Conversely, split_large_segments() identifies suspiciously large segments that may represent detector errors or complex IBD patterns:

• Identifies segments above size thresholds based on relationship context
• Analyzes internal patterns to identify potential split points
• Creates multiple smaller segments when evidence supports splitting

These operations help correct for technical artifacts in IBD detection, improving the accuracy of downstream relationship inference. The algorithms implement sophisticated statistical models of expected segment characteristics.

The Statistical Foundation

The IBD statistics extracted by get_ibd_stats_unphased() form the foundation for Bonsai v3's relationship inference. Different relationship types exhibit distinctive patterns across multiple IBD statistics:

Relationship	Expected Total IBD (cM)	Expected Segments	IBD2 Presence	Typical Max Segment (cM)
Parent-Child	3400	23	No	~280
Full Siblings	2550	50	Yes (25%)	~160
Half-siblings	1700	28	No	~160
First Cousins	850	15	No	~123
Second Cousins	212.5	4	No	~78

The actual implementation in Bonsai v3 goes beyond these simple averages to model the complete statistical distributions of these values for each relationship type. This allows for probabilistic inference that accounts for the natural variance in genetic inheritance.
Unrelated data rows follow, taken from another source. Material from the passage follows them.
(* For any abstract path $\tau$, $w(\tau)=1+O(\tau)+B(\tau)-s_1(\tau)-u_2(\tau)$.
   Context: $\mathbb F=\{0,1\}$, $\mathbb N=\{0,1,2,\dots\}$. Abstract vertex types: $o$ (interior), $u$ (unstable), $s$ (stable). An abstract edge is $\varepsilon=(\mu,(o_1,u_1,s_1),(o_2,u_2,s_2))\in\mathbb F\times\mathbb N^3\times\mathbb N^3$ with: if $\mu=0$ then $s_1=u_2=0$; if $\mu=1$ then $o_1=o_2=0$ (interior if $\mu=0$, boundary if $\mu=1$). Weight: $w(\varepsilon)=1$ if $\mu=0$, $2-s_1-u_2$ if $\mu=1$. An abstract path $\tau=(T,\tau,\sigma)$: a non-empty finite directed tree $T=(V,E)$ (nodes; arrows, or breaks), $\tau:V\to$ abstract edges, $\sigma:E\to\{o,u,s\}$, such that for each node $v$ and type $X$, $X_1(v)\ge|\{e:t(e)=v,\sigma(e)=X\}|$ and $X_2(v)\ge|\{e:s(e)=v,\sigma(e)=X\}|$, with $X_i(v)$ the entries of $\tau(v)$. Ends: $X_1(\tau)=\sum_vX_1(v)-|\sigma^{-1}(X)|$, $X_2(\tau)=\sum_vX_2(v)-|\sigma^{-1}(X)|$ (so $s_1(\tau)$ is the number of incoming stable ends, $u_2(\tau)$ of outgoing unstable ends). Weight $w(\tau)=\sum_vw(\tau(v))$. $O(\tau)=|\sigma^{-1}(o)|$ and $B(\tau)$ is the number of nodes $v$ with $\mu(v)=1$. *)

theory Defs
  imports Main
begin

text \<open>Abstract vertex types: o (interior), u (unstable), s (stable).\<close>
datatype vtype = Ov | Uv | Sv

text \<open>An abstract edge (mu, (o1,u1,s1), (o2,u2,s2)); the triples are encoded as
  functions vtype => nat, so X_1 = e1 X and X_2 = e2 X.\<close>
type_synonym abs_edge = "nat \<times> (vtype \<Rightarrow> nat) \<times> (vtype \<Rightarrow> nat)"

definition emu :: "abs_edge \<Rightarrow> nat" where "emu \<epsilon> = fst \<epsilon>"
definition end1 :: "abs_edge \<Rightarrow> vtype \<Rightarrow> nat" where "end1 \<epsilon> = fst (snd \<epsilon>)"
definition end2 :: "abs_edge \<Rightarrow> vtype \<Rightarrow> nat" where "end2 \<epsilon> = snd (snd \<epsilon>)"

definition abs_edge_ok :: "abs_edge \<Rightarrow> bool" where
  "abs_edge_ok \<epsilon> \<longleftrightarrow> emu \<epsilon> \<in> {0,1}
     \<and> (emu \<epsilon> = 0 \<longrightarrow> end1 \<epsilon> Sv = 0 \<and> end2 \<epsilon> Uv = 0)
     \<and> (emu \<epsilon> = 1 \<longrightarrow> end1 \<epsilon> Ov = 0 \<and> end2 \<epsilon> Ov = 0)"

definition edge_weight :: "abs_edge \<Rightarrow> int" where
  "edge_weight \<epsilon> = (if emu \<epsilon> = 0 then 1 else 2 - int (end1 \<epsilon> Sv) - int (end2 \<epsilon> Uv))"

definition reach :: "('e \<Rightarrow> 'v) \<Rightarrow> ('e \<Rightarrow> 'v) \<Rightarrow> 'e set \<Rightarrow> ('v \<times> 'v) set" where
  "reach src tgt F = (\<Union>e\<in>F. {(src e, tgt e), (tgt e, src e)})\<^sup>*"

definition directed_tree :: "'v set \<Rightarrow> 'e set \<Rightarrow> ('e \<Rightarrow> 'v) \<Rightarrow> ('e \<Rightarrow> 'v) \<Rightarrow> bool" where
  "directed_tree V E src tgt \<longleftrightarrow> finite V \<and> V \<noteq> {} \<and> finite E
     \<and> (\<forall>e\<in>E. src e \<in> V \<and> tgt e \<in> V)
     \<and> (\<forall>x\<in>V. \<forall>y\<in>V. (x, y) \<in> reach src tgt E)
     \<and> (\<forall>e\<in>E. (src e, tgt e) \<notin> reach src tgt (E - {e}))"

definition abstract_path ::
  "'v set \<Rightarrow> 'e set \<Rightarrow> ('e \<Rightarrow> 'v) \<Rightarrow> ('e \<Rightarrow> 'v) \<Rightarrow> ('v \<Rightarrow> abs_edge) \<Rightarrow> ('e \<Rightarrow> vtype) \<Rightarrow> bool" where
  "abstract_path V E src tgt \<tau> \<sigma> \<longleftrightarrow> directed_tree V E src tgt
     \<and> (\<forall>v\<in>V. abs_edge_ok (\<tau> v))
     \<and> (\<forall>v\<in>V. \<forall>X. end1 (\<tau> v) X \<ge> card {e\<in>E. tgt e = v \<and> \<sigma> e = X}
                 \<and> end2 (\<tau> v) X \<ge> card {e\<in>E. src e = v \<and> \<sigma> e = X})"

definition path_end1 :: "'v set \<Rightarrow> 'e set \<Rightarrow> ('v \<Rightarrow> abs_edge) \<Rightarrow> ('e \<Rightarrow> vtype) \<Rightarrow> vtype \<Rightarrow> int" where
  "path_end1 V E \<tau> \<sigma> X = (\<Sum>v\<in>V. int (end1 (\<tau> v) X)) - int (card {e\<in>E. \<sigma> e = X})"

definition path_end2 :: "'v set \<Rightarrow> 'e set \<Rightarrow> ('v \<Rightarrow> abs_edge) \<Rightarrow> ('e \<Rightarrow> vtype) \<Rightarrow> vtype \<Rightarrow> int" where
  "path_end2 V E \<tau> \<sigma> X = (\<Sum>v\<in>V. int (end2 (\<tau> v) X)) - int (card {e\<in>E. \<sigma> e = X})"

definition path_weight :: "'v set \<Rightarrow> ('v \<Rightarrow> abs_edge) \<Rightarrow> int" where
  "path_weight V \<tau> = (\<Sum>v\<in>V. edge_weight (\<tau> v))"

definition path_O :: "'e set \<Rightarrow> ('e \<Rightarrow> vtype) \<Rightarrow> nat" where
  "path_O E \<sigma> = card {e\<in>E. \<sigma> e = Ov}"

definition path_B :: "'v set \<Rightarrow> ('v \<Rightarrow> abs_edge) \<Rightarrow> nat" where
  "path_B V \<tau> = card {v\<in>V. emu (\<tau> v) = 1}"

end

theory Submission
  imports Defs
begin

text \<open>Each node contributes 1 + [\<mu> = 1] - s1 - u2 to the weight, so the weight of the path is
  |V| + B minus the sums of s1 and u2 over the nodes. Passing to the ends subtracts the
  stable and unstable breaks from these sums, i.e. adds back |E| - O. Since the underlying
  graph is a tree, |V| = |E| + 1, which gives the formula. The tree count is the case of one
  component of the forest identity: components + edges = vertices, proved by adding edges
  one at a time, each of which merges two components.\<close>

lemma sym_reach: "sym (reach src tgt F)"
  unfolding reach_def by (rule sym_rtrancl) (auto simp: sym_def)

lemma reach_sym: "(x, y) \<in> reach src tgt F \<Longrightarrow> (y, x) \<in> reach src tgt F"
  using sym_reach by (rule symD)

lemma reach_trans:
  "(x, y) \<in> reach src tgt F \<Longrightarrow> (y, z) \<in> reach src tgt F \<Longrightarrow> (x, z) \<in> reach src tgt F"
  unfolding reach_def by (rule rtrancl_trans)

lemma reach_refl [simp]: "(x, x) \<in> reach src tgt F"
  unfolding reach_def by simp

lemma reach_mono: "F \<subseteq> G \<Longrightarrow> reach src tgt F \<subseteq> reach src tgt G"
  unfolding reach_def by (rule rtrancl_mono) blast

lemma reach_empty: "reach src tgt {} = Id"
  unfolding reach_def by simp

lemma reach_closed:
  assumes "\<forall>e\<in>F. src e \<in> V \<and> tgt e \<in> V" and "(x, y) \<in> reach src tgt F" and "x \<in> V"
  shows "y \<in> V"
  using assms(2,3) unfolding reach_def
  by (induction rule: rtrancl_induct) (use assms(1) in auto)

lemma Image_reach_eq_iff:
  "reach src tgt F `` {x} = reach src tgt F `` {y} \<longleftrightarrow> (x, y) \<in> reach src tgt F"
proof
  show "(x, y) \<in> reach src tgt F" if "reach src tgt F `` {x} = reach src tgt F `` {y}"
    using that reach_refl[of y src tgt F] by blast
  show "reach src tgt F `` {x} = reach src tgt F `` {y}" if xy: "(x, y) \<in> reach src tgt F"
    using reach_trans[OF xy] reach_trans[OF reach_sym[OF xy]] by blast
qed

lemma mem_reach_class_iff:
  "v \<in> reach src tgt F `` {a} \<longleftrightarrow> reach src tgt F `` {v} = reach src tgt F `` {a}"
  unfolding Image_reach_eq_iff Image_singleton_iff by (metis reach_sym)

lemma reach_insert:
  assumes "(src e, tgt e) \<notin> reach src tgt F"
  defines "C \<equiv> reach src tgt F `` {src e} \<union> reach src tgt F `` {tgt e}"
  shows "reach src tgt (insert e F) = reach src tgt F \<union> C \<times> C"
proof
  let ?R = "reach src tgt F" and ?L = "reach src tgt (insert e F)"
  have C_closed: "y \<in> C" if "x \<in> C" "(x, y) \<in> ?R \<or> (y, x) \<in> ?R" for x y
    using that reach_sym reach_trans unfolding C_def by (metis UnCI UnE Image_singleton_iff)
  have ends_C: "src e \<in> C" "tgt e \<in> C"
    unfolding C_def by auto
  show "?L \<subseteq> ?R \<union> C \<times> C"
  proof (rule subrelI)
    fix x y assume "(x, y) \<in> ?L"
    then show "(x, y) \<in> ?R \<union> C \<times> C"
      unfolding reach_def[of src tgt "insert e F"]
    proof (induction rule: rtrancl_induct)
      case (step y z)
      then consider "(y, z) \<in> ?R" | "y \<in> C" "z \<in> C"
        using ends_C unfolding reach_def by blast
      then show ?case
      proof cases
        case 1
        then show ?thesis
          using step.IH reach_trans[where x=x and y=y and z=z] C_closed[of y z] by blast
      next
        case 2
        then show ?thesis
          using step.IH C_closed by blast
      qed
    qed simp
  qed
  show "?R \<union> C \<times> C \<subseteq> ?L"
  proof -
    have R_L: "?R \<subseteq> ?L"
      by (rule reach_mono) blast
    have "(src e, tgt e) \<in> ?L"
      unfolding reach_def by blast
    then have from_src: "(src e, x) \<in> ?L" if "x \<in> C" for x
      using that R_L reach_trans unfolding C_def by (metis Image_singleton_iff UnE subsetD)
    have "C \<times> C \<subseteq> ?L"
    proof clarify
      fix x y assume "x \<in> C" "y \<in> C"
      then show "(x, y) \<in> ?L"
        using from_src reach_sym reach_trans by metis
    qed
    with R_L show ?thesis by blast
  qed
qed

definition reach_classes :: "'v set \<Rightarrow> ('e \<Rightarrow> 'v) \<Rightarrow> ('e \<Rightarrow> 'v) \<Rightarrow> 'e set \<Rightarrow> 'v set set" where
  "reach_classes V src tgt F = (\<lambda>v. reach src tgt F `` {v}) ` V"

lemma reach_classes_insert:
  assumes ends: "src e \<in> V" "tgt e \<in> V" and new: "(src e, tgt e) \<notin> reach src tgt F"
  defines "A \<equiv> reach src tgt F `` {src e}" and "B \<equiv> reach src tgt F `` {tgt e}"
  shows "reach_classes V src tgt (insert e F) = insert (A \<union> B) (reach_classes V src tgt F - {A, B})"
proof -
  let ?R = "reach src tgt F"
  define merge where "merge K = (if K \<in> {A, B} then A \<union> B else K)" for K
  have "v \<in> A \<union> B \<longleftrightarrow> ?R `` {v} \<in> {A, B}" for v
    unfolding A_def B_def Un_iff mem_reach_class_iff by simp
  then have "reach src tgt (insert e F) `` {v} = merge (?R `` {v})" for v
    using reach_insert[OF new] unfolding A_def B_def merge_def by auto
  then have "reach_classes V src tgt (insert e F) = merge ` reach_classes V src tgt F"
    unfolding reach_classes_def image_image by simp
  moreover have "A \<in> reach_classes V src tgt F" "B \<in> reach_classes V src tgt F"
    unfolding reach_classes_def A_def B_def using ends by auto
  ultimately show ?thesis
    unfolding merge_def by auto
qed

definition forest :: "('e \<Rightarrow> 'v) \<Rightarrow> ('e \<Rightarrow> 'v) \<Rightarrow> 'e set \<Rightarrow> bool" where
  "forest src tgt F \<longleftrightarrow> (\<forall>e\<in>F. (src e, tgt e) \<notin> reach src tgt (F - {e}))"

lemma forest_insertD:
  assumes "forest src tgt (insert e F)" and "e \<notin> F"
  shows "forest src tgt F" and "(src e, tgt e) \<notin> reach src tgt F"
proof -
  show "forest src tgt F"
    using assms(1) reach_mono[of "F - {_}" "insert e F - {_}" src tgt]
    unfolding forest_def by blast
  show "(src e, tgt e) \<notin> reach src tgt F"
    using assms unfolding forest_def by auto
qed

lemma card_reach_classes_forest:
  assumes "finite V" and "finite F" and "forest src tgt F"
    and "\<forall>e\<in>F. src e \<in> V \<and> tgt e \<in> V"
  shows "card (reach_classes V src tgt F) + card F = card V"
  using assms(2-)
proof (induction F rule: finite_induct)
  case empty
  have "reach_classes V src tgt {} = (\<lambda>v. {v}) ` V"
    unfolding reach_classes_def reach_empty by auto
  then show ?case
    by (simp add: card_image)
next
  case (insert e F)
  let ?K = "reach_classes V src tgt F"
  define A where "A = reach src tgt F `` {src e}"
  define B where "B = reach src tgt F `` {tgt e}"
  note forest_insertD[OF insert.prems(1) insert.hyps(2)]
  then have forest: "forest src tgt F" and new: "(src e, tgt e) \<notin> reach src tgt F"
    by simp_all
  have ends: "src e \<in> V" "tgt e \<in> V"
    using insert.prems(2) by auto
  have fin: "finite ?K"
    unfolding reach_classes_def using assms(1) by simp
  have AB: "{A, B} \<subseteq> ?K" "card {A, B} = 2"
    using ends new Image_reach_eq_iff[of src tgt F "src e" "tgt e"]
    unfolding reach_classes_def A_def B_def by auto
  have "A \<union> B \<notin> ?K - {A, B}"
  proof
    assume "A \<union> B \<in> ?K - {A, B}"
    then obtain v where v: "A \<union> B = reach src tgt F `` {v}" "A \<union> B \<noteq> A"
      unfolding reach_classes_def by auto
    have "src e \<in> reach src tgt F `` {v}"
      using v(1) unfolding A_def by auto
    then have "reach src tgt F `` {src e} = reach src tgt F `` {v}"
      by (simp only: mem_reach_class_iff)
    with v(1) have "A = A \<union> B"
      unfolding A_def by (simp only:)
    with v(2) show False by simp
  qed
  then have "card (reach_classes V src tgt (insert e F)) = card (?K - {A, B}) + 1"
    unfolding reach_classes_insert[OF ends new] A_def[symmetric] B_def[symmetric]
    using fin by simp
  moreover have "card (?K - {A, B}) + 2 = card ?K"
    using AB fin card_Diff_subset[of "{A, B}" ?K] card_mono[OF fin AB(1)] by simp
  ultimately show ?case
    using insert.IH[OF forest] insert.prems(2) insert.hyps by simp
qed

lemma card_directed_tree:
  assumes "directed_tree V E src tgt"
  shows "card V = card E + 1"
proof -
  have tree: "finite V" "V \<noteq> {}" "finite E" "\<forall>e\<in>E. src e \<in> V \<and> tgt e \<in> V"
    "\<forall>x\<in>V. \<forall>y\<in>V. (x, y) \<in> reach src tgt E" "forest src tgt E"
    using assms unfolding directed_tree_def forest_def by auto
  have "reach src tgt E `` {v} = V" if "v \<in> V" for v
    using that tree(4,5) reach_closed[where F=E and V=V] by blast
  then have "reach_classes V src tgt E = {V}"
    unfolding reach_classes_def using tree(2) by auto
  then show ?thesis
    using card_reach_classes_forest[OF tree(1,3,6,4)] by simp
qed

lemma edge_weight_eq:
  assumes "abs_edge_ok \<epsilon>"
  shows "edge_weight \<epsilon> = 1 + (if emu \<epsilon> = 1 then 1 else 0) - int (end1 \<epsilon> Sv) - int (end2 \<epsilon> Uv)"
  using assms unfolding abs_edge_ok_def edge_weight_def by auto

lemma card_eq_sum_card_vtype:
  assumes "finite E"
  shows "card E = card {e\<in>E. \<sigma> e = Ov} + card {e\<in>E. \<sigma> e = Uv} + card {e\<in>E. \<sigma> e = Sv}"
proof -
  have "E = {e\<in>E. \<sigma> e = Ov} \<union> ({e\<in>E. \<sigma> e = Uv} \<union> {e\<in>E. \<sigma> e = Sv})"
    by (auto intro: vtype.exhaust)
  also have "card \<dots> = card {e\<in>E. \<sigma> e = Ov} + (card {e\<in>E. \<sigma> e = Uv} + card {e\<in>E. \<sigma> e = Sv})"
    using assms by (subst card_Un_disjoint; auto)+
  finally show ?thesis by simp
qed

theorem corollary3p12:
  fixes V :: "'v set" and E :: "'e set" and src tgt :: "'e \<Rightarrow> 'v"
    and \<tau> :: "'v \<Rightarrow> abs_edge" and \<sigma> :: "'e \<Rightarrow> vtype"
  assumes "abstract_path V E src tgt \<tau> \<sigma>"
  shows "path_weight V \<tau> = 1 + int (path_O E \<sigma>) + int (path_B V \<tau>)
           - path_end1 V E \<tau> \<sigma> Sv - path_end2 V E \<tau> \<sigma> Uv"
proof -
  have tree: "directed_tree V E src tgt" and ok: "\<forall>v\<in>V. abs_edge_ok (\<tau> v)"
    using assms unfolding abstract_path_def by auto
  have fin: "finite V" "finite E"
    using tree unfolding directed_tree_def by auto
  have "path_weight V \<tau> = (\<Sum>v\<in>V. 1 + (if emu (\<tau> v) = 1 then 1 else 0)
              - int (end1 (\<tau> v) Sv) - int (end2 (\<tau> v) Uv))"
    unfolding path_weight_def using ok by (simp add: edge_weight_eq)
  also have "\<dots> = int (card V) + int (path_B V \<tau>)
       - (\<Sum>v\<in>V. int (end1 (\<tau> v) Sv)) - (\<Sum>v\<in>V. int (end2 (\<tau> v) Uv))"
    unfolding path_B_def using fin(1)
    by (simp add: sum.distrib sum_subtractf sum.If_cases Int_def)
  finally show ?thesis
    unfolding path_end1_def path_end2_def path_O_def
    using card_directed_tree[OF tree] card_eq_sum_card_vtype[OF fin(2), of \<sigma>] by simp
qed

end
(* Let $M=(C,A,B)$ with $C\in\mathbb{R}^{p\times n}$, $A\in\mathbb{R}^{n\times n}$, $B\in\mathbb{R}^{n\times m}$ and $\rho(A)<1$. For any integers $d_1\ge d_2\ge1$, $$\|\mathcal{H}_{0,\infty,\infty}-\bar{\mathcal{H}}_{0,d_1,d_1}\|_2\le\sqrt2\,\|\mathcal{H}_{0,\infty,\infty}-\bar{\mathcal{H}}_{0,d_2,d_2}\|_2 .$$
   Context: $\mathcal{H}_{k,a,b}$ is the block Hankel matrix whose $(i,j)$ block ($1\le i\le a$, $1\le j\le b$, $a=b=\infty$ allowed) is $CA^{k+i+j-2}B$. For a finite matrix $P$, $\bar P$ denotes $P$ padded with zeros to a doubly infinite matrix. Norms of infinite matrices are operator norms on $\ell^2$. *)

theory Defs
  imports "HOL-Analysis.Analysis" "Jordan_Normal_Form.Spectral_Radius"
begin

text \<open>Infinite real matrices indexed by natural numbers (rows, columns), i.e. operators
  on the sequence space l2 given by their matrix entries.\<close>
type_synonym inf_mat = "nat \<Rightarrow> nat \<Rightarrow> real"

text \<open>Operator norm on l2: supremum of the l2 norm of M x over finitely supported
  x with l2 norm at most 1 (finitely supported vectors are dense in l2), where the l2
  norm of M x is itself the supremum of its partial sums over the first N rows.\<close>
definition l2_opnorm :: "inf_mat \<Rightarrow> real" where
  "l2_opnorm M = Sup { sqrt (\<Sum>i<N. (\<Sum>j\<in>F. M i j * x j)\<^sup>2) | N F x.
       finite F \<and> (\<Sum>j\<in>F. (x j)\<^sup>2) \<le> 1 }"
(* Let $F\in\{\mathbb{R},\mathbb{C}\}$. (1) Let $\Theta$ satisfy $\cos\Theta>0$ (for $F=\mathbb{R}$, $\Theta=0$). For $a,b\in F$ define $$a+_{\infty,\Theta}b=\lim_{|\alpha|\to\infty,\ \arg\alpha=\Theta}\epsilon_\alpha^{-1}\big(\epsilon_\alpha(a)+\epsilon_\alpha(b)\big).$$ Then $(F,+_{\infty,\Theta},\cdot)$ is a non-associative field. Moreover, for $a_1,\dots,a_n\in F$, writing $a_t=|a_t|e^{i\theta_t}$, $[n]_k=\{t\in[n]:|a_t|=|a_k|\}$ and $\sum_{t\in[n]_k}e^{i\theta_t}=r_ks_k$ with $r_k\ge0$, $|s_k|=1$, the limit $${}^{\infty,\Theta}\!\sum_{k\in[n]}a_k:=\lim_{|\alpha|\to\infty,\ \arg\alpha=\Theta}\epsilon_\alpha^{-1}\Big(\sum_{k\in[n]}\epsilon_\alpha(a_k)\Big)$$ equals $|a_M|\,r_M^{-i\tan\Theta}s_M$ if there is $M\in[n]$ with $|a_M|=\max\{|a_k|: k\in[n],\ a_k\neq0,\ r_k\neq0\}$, and equals $0$ otherwise. (2) Let $\Theta$ satisfy $\cos\Theta<0$ (for $F=\mathbb{R}$, $\Theta=\pi$). Define $a+_{-\infty,\Theta}b$ by the same limit with $|\alpha|\to\infty$, $\arg\alpha=\Theta$ (so $\mathrm{Re}\,\alpha\to-\infty$). Then $(F,+_{-\infty,\Theta},\cdot)$ is a non-associative field, and, with the same notation, the corresponding limit ${}^{-\infty,\Theta}\!\sum_{k\in[n]}a_k$ equals $|a_m|\,r_m^{-i\tan\Theta}s_m$ if there is $m\in[n]$ with $|a_m|=\min\{|a_k|:k\in[n],\ a_k\neq0,\ r_k\neq0\}$, and equals $0$ otherwise.
   Context: For $\alpha\in\mathbb{C}\setminus i\mathbb{R}$, $\epsilon_\alpha:\mathbb{C}\to\mathbb{C}$ is defined by $\epsilon_\alpha(0)=0$ and $\epsilon_\alpha(rs)=r^\alpha s=e^{\alpha\ln r}s$ for $r>0$, $|s|=1$; it is a multiplicative automorphism with inverse $\epsilon_\alpha^{-1}(\rho t)=\rho^{(1-i\,\mathrm{Im}\alpha)/\mathrm{Re}\alpha}t$. For real $\alpha\neq0$, $\epsilon_\alpha:\mathbb{R}\to\mathbb{R}$ is $x\mapsto\mathrm{sgn}(x)|x|^\alpha$. A non-associative field is a structure $(F,+,\cdot)$ satisfying all field axioms except that addition is not required to be associative. *)

theory Defs
  imports "HOL-Analysis.Analysis"
begin

definition eps :: "complex \<Rightarrow> complex \<Rightarrow> complex" where
  "eps \<alpha> z = (if z = 0 then 0 else (complex_of_real (cmod z)) powr \<alpha> * sgn z)"

definition eps_inv :: "complex \<Rightarrow> complex \<Rightarrow> complex" where
  "eps_inv \<alpha> w = (if w = 0 then 0 else
     (complex_of_real (cmod w)) powr ((1 - \<i> * of_real (Im \<alpha>)) / of_real (Re \<alpha>)) * sgn w)"

text \<open>alpha = rho e^{i Theta}; the limit |alpha| -> infinity with arg alpha = Theta is rho -> +infinity.\<close>
definition dir_alpha :: "real \<Rightarrow> real \<Rightarrow> complex" where
  "dir_alpha \<Theta> \<rho> = complex_of_real \<rho> * cis \<Theta>"

definition eps_sum_fun :: "real \<Rightarrow> (nat \<Rightarrow> complex) \<Rightarrow> nat set \<Rightarrow> real \<Rightarrow> complex" where
  "eps_sum_fun \<Theta> a I \<rho> =
     eps_inv (dir_alpha \<Theta> \<rho>) (\<Sum>k\<in>I. eps (dir_alpha \<Theta> \<rho>) (a k))"

definition lim_plus :: "real \<Rightarrow> complex \<Rightarrow> complex \<Rightarrow> complex" where
  "lim_plus \<Theta> a b = Lim at_top (\<lambda>\<rho>. eps_inv (dir_alpha \<Theta> \<rho>)
       (eps (dir_alpha \<Theta> \<rho>) a + eps (dir_alpha \<Theta> \<rho>) b))"

definition level_sum :: "(nat \<Rightarrow> complex) \<Rightarrow> nat \<Rightarrow> nat \<Rightarrow> complex" where
  "level_sum a n k = (\<Sum>t\<in>{t\<in>{1..n}. cmod (a t) = cmod (a k)}. sgn (a t))"

definition r_of :: "(nat \<Rightarrow> complex) \<Rightarrow> nat \<Rightarrow> nat \<Rightarrow> real" where
  "r_of a n k = cmod (level_sum a n k)"

definition s_of :: "(nat \<Rightarrow> complex) \<Rightarrow> nat \<Rightarrow> nat \<Rightarrow> complex" where
  "s_of a n k = sgn (level_sum a n k)"

definition good_idx :: "(nat \<Rightarrow> complex) \<Rightarrow> nat \<Rightarrow> nat set" where
  "good_idx a n = {k\<in>{1..n}. a k \<noteq> 0 \<and> r_of a n k \<noteq> 0}"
From Statistics to Likelihoods

The ibd.py module connects to the likelihoods.py module through the IBD statistics it produces. The workflow follows these steps:

1. get_ibd_stats_unphased() in ibd.py extracts statistical summaries from IBD segments
2. These statistics are passed to the PwLogLike class in likelihoods.py
3. The PwLogLike class computes likelihood scores for different relationship hypotheses
4. These likelihood scores guide the pedigree reconstruction process

This connection between IBD processing and relationship inference is at the core of Bonsai v3's approach. The system transforms raw genetic data into statistical summaries and then into probabilistic relationship assessments, creating a seamless pathway from detector output to pedigree structures.